***** Records shown

lemma diff_op_deriv_z:
  assumes h: "holomorphic2_on G U V" and U: "open U" and V: "open V" and x: "x \<in> U" and z: "z \<in> V"
  shows "diff_op n a (\<lambda>y. deriv_z G y z) x = deriv (\<lambda>w. diff_op n a (\<lambda>y. G y w) x) z"
proof -
  have diff: "(\<lambda>w. (deriv_x ^^ k) G x w) field_differentiable at z" for k
  proof -
    have "(\<lambda>w. (deriv_x ^^ k) G x w) holomorphic_on V"
      using holomorphic2_on_funpow_deriv_x[OF h U V, of k] x by (simp add: holomorphic2_on_def)
    then show ?thesis by (rule holomorphic_on_imp_differentiable_at[OF _ V z])
  qed
  have "diff_op n a (\<lambda>y. deriv_z G y z) x = (\<Sum>k\<le>n. a k x * (deriv_x ^^ k) (deriv_z G) x z)"
    unfolding diff_op_def by (simp add: fun_cong[OF funpow_deriv_x_eq_higher_deriv])
  also have "\<dots> = (\<Sum>k\<le>n. deriv (\<lambda>w. a k x * (deriv_x ^^ k) G x w) z)"
    by (intro sum.cong refl)
      (simp add: funpow_deriv_x_deriv_z_commute[OF h U V x z] deriv_z_def deriv_cmult[OF diff])
  also have "\<dots> = deriv (\<lambda>w. \<Sum>k\<le>n. a k x * (deriv_x ^^ k) G x w) z"
    by (rule deriv_sum[symmetric]) (rule field_differentiable_mult[OF field_differentiable_const diff])
  finally show ?thesis
    by (simp add: diff_op_def fun_cong[OF funpow_deriv_x_eq_higher_deriv])
qed

lemma diff_op_funpow_deriv_z:
  assumes h: "holomorphic2_on P U V" and U: "open U" and V: "open V"
    and eigen: "\<And>x z. x \<in> U \<Longrightarrow> z \<in> V \<Longrightarrow> diff_op n a (\<lambda>y. P y z) x = z * P x z"
  shows "x \<in> U \<Longrightarrow> l \<in> V \<Longrightarrow>
    diff_op n a (\<lambda>y. (deriv_z ^^ j) P y l) x = l * (deriv_z ^^ j) P x l + of_nat j * (deriv_z ^^ (j - 1)) P x l"
proof (induction j arbitrary: x l)
  case 0
  then show ?case using eigen by simp
next
  case (Suc j)
  note x = Suc.prems(1) and l = Suc.prems(2)
  define Q where "Q = (deriv_z ^^ j) P"
  define R where "R = (deriv_z ^^ (j - 1)) P"
  have hol: "holomorphic2_on ((deriv_z ^^ i) P) U V" for i
    by (rule holomorphic2_on_funpow_deriv_z[OF h U V])
  have dQ: "(Q x has_field_derivative deriv_z Q x l) (at l)"
    unfolding Q_def by (rule has_field_derivative_deriv_z[OF hol[of j] V x l])
  have dR: "((\<lambda>w. of_nat j * R x w) has_field_derivative of_nat j * Q x l) (at l)"
  proof (cases j)
    case (Suc m)
    have "deriv_z R x l = Q x l"
      unfolding Q_def R_def Suc by simp
    then show ?thesis
      using DERIV_cmult[OF has_field_derivative_deriv_z[OF hol[of "j - 1"] V x l], of "of_nat j"]
      unfolding R_def by simp
  qed simp
  have "diff_op n a (\<lambda>y. (deriv_z ^^ Suc j) P y l) x = deriv (\<lambda>w. diff_op n a (\<lambda>y. Q y w) x) l"
    unfolding Q_def funpow.simps o_apply by (rule diff_op_deriv_z[OF hol[of j] U V x l])
  also have "\<dots> = deriv (\<lambda>w. w * Q x w + of_nat j * R x w) l"
  proof (rule deriv_cong_ev[OF eventually_mono[OF eventually_nhds_in_open[OF V l]] refl])
    fix w assume "w \<in> V"
    then show "diff_op n a (\<lambda>y. Q y w) x = w * Q x w + of_nat j * R x w"
      unfolding Q_def R_def by (rule Suc.IH[OF x])
  qed
  also have "\<dots> = l * deriv_z Q x l + 1 * Q x l + of_nat j * Q x l"
    by (rule DERIV_imp_deriv[OF DERIV_add[OF DERIV_mult'[OF DERIV_ident dQ] dR]])
  finally show ?case
    unfolding Q_def by (simp add: algebra_simps)
qed

section \<open>Jordan chains of the differential operator\<close>

lemma higher_deriv_sum_cmult:
  assumes V: "open V" and z: "z \<in> V" and S: "finite S" and hol: "\<And>s. s \<in> S \<Longrightarrow> f s holomorphic_on V"
  shows "(deriv ^^ j) (\<lambda>w. \<Sum>s\<in>S. c s * f s w) z = (\<Sum>s\<in>S. c s * (deriv ^^ j) (f s) z)"
  using S hol
proof (induction S rule: finite_induct)
  case (insert s S)
  have "(deriv ^^ j) (\<lambda>w. c s * f s w + (\<Sum>s\<in>S. c s * f s w)) z =
      (deriv ^^ j) (\<lambda>w. c s * f s w) z + (deriv ^^ j) (\<lambda>w. \<Sum>s\<in>S. c s * f s w) z"
    using insert.prems by (intro higher_deriv_add[OF _ _ V z]) (auto intro!: holomorphic_intros)
  also have "(deriv ^^ j) (\<lambda>w. c s * f s w) z = c s * (deriv ^^ j) (f s) z"
    using insert.prems by (intro higher_deriv_cmult[OF _ z V]) auto
  finally show ?case
    using insert by simp
qed simp

lemma diff_op_sum_cmult:
  assumes U: "open U" and x: "x \<in> U" and S: "finite S" and hol: "\<And>s. s \<in> S \<Longrightarrow> f s holomorphic_on U"
  shows "diff_op n a (\<lambda>y. \<Sum>s\<in>S. c s * f s y) x = (\<Sum>s\<in>S. c s * diff_op n a (f s) x)"
  unfolding diff_op_def
  by (simp add: higher_deriv_sum_cmult[OF U x S hol] sum_distrib_left sum.swap[of _ S] mult_ac)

**********

▶ **Task directions**
Your answer should be the lines above, from the line containing "(simp add: funpow_deriv_x_deriv_z_commute[OF" up to and including the line containing "proof (cases j)", reproduced exactly and with nothing else.

▶ **Exercise result**
      (simp add: funpow_deriv_x_deriv_z_commute[OF h U V x z] deriv_z_def deriv_cmult[OF diff])
  also have "\<dots> = deriv (\<lambda>w. \<Sum>k\<le>n. a k x * (deriv_x ^^ k) G x w) z"
    by (rule deriv_sum[symmetric]) (rule field_differentiable_mult[OF field_differentiable_const diff])
  finally show ?thesis
    by (simp add: diff_op_def fun_cong[OF funpow_deriv_x_eq_higher_deriv])
qed

lemma diff_op_funpow_deriv_z:
  assumes h: "holomorphic2_on P U V" and U: "open U" and V: "open V"
    and eigen: "\<And>x z. x \<in> U \<Longrightarrow> z \<in> V \<Longrightarrow> diff_op n a (\<lambda>y. P y z) x = z * P x z"
  shows "x \<in> U \<Longrightarrow> l \<in> V \<Longrightarrow>
    diff_op n a (\<lambda>y. (deriv_z ^^ j) P y l) x = l * (deriv_z ^^ j) P x l + of_nat j * (deriv_z ^^ (j - 1)) P x l"
proof (induction j arbitrary: x l)
  case 0
  then show ?case using eigen by simp
next
  case (Suc j)
  note x = Suc.prems(1) and l = Suc.prems(2)
  define Q where "Q = (deriv_z ^^ j) P"
  define R where "R = (deriv_z ^^ (j - 1)) P"
  have hol: "holomorphic2_on ((deriv_z ^^ i) P) U V" for i
    by (rule holomorphic2_on_funpow_deriv_z[OF h U V])
  have dQ: "(Q x has_field_derivative deriv_z Q x l) (at l)"
    unfolding Q_def by (rule has_field_derivative_deriv_z[OF hol[of j] V x l])
  have dR: "((\<lambda>w. of_nat j * R x w) has_field_derivative of_nat j * Q x l) (at l)"
  proof (cases j)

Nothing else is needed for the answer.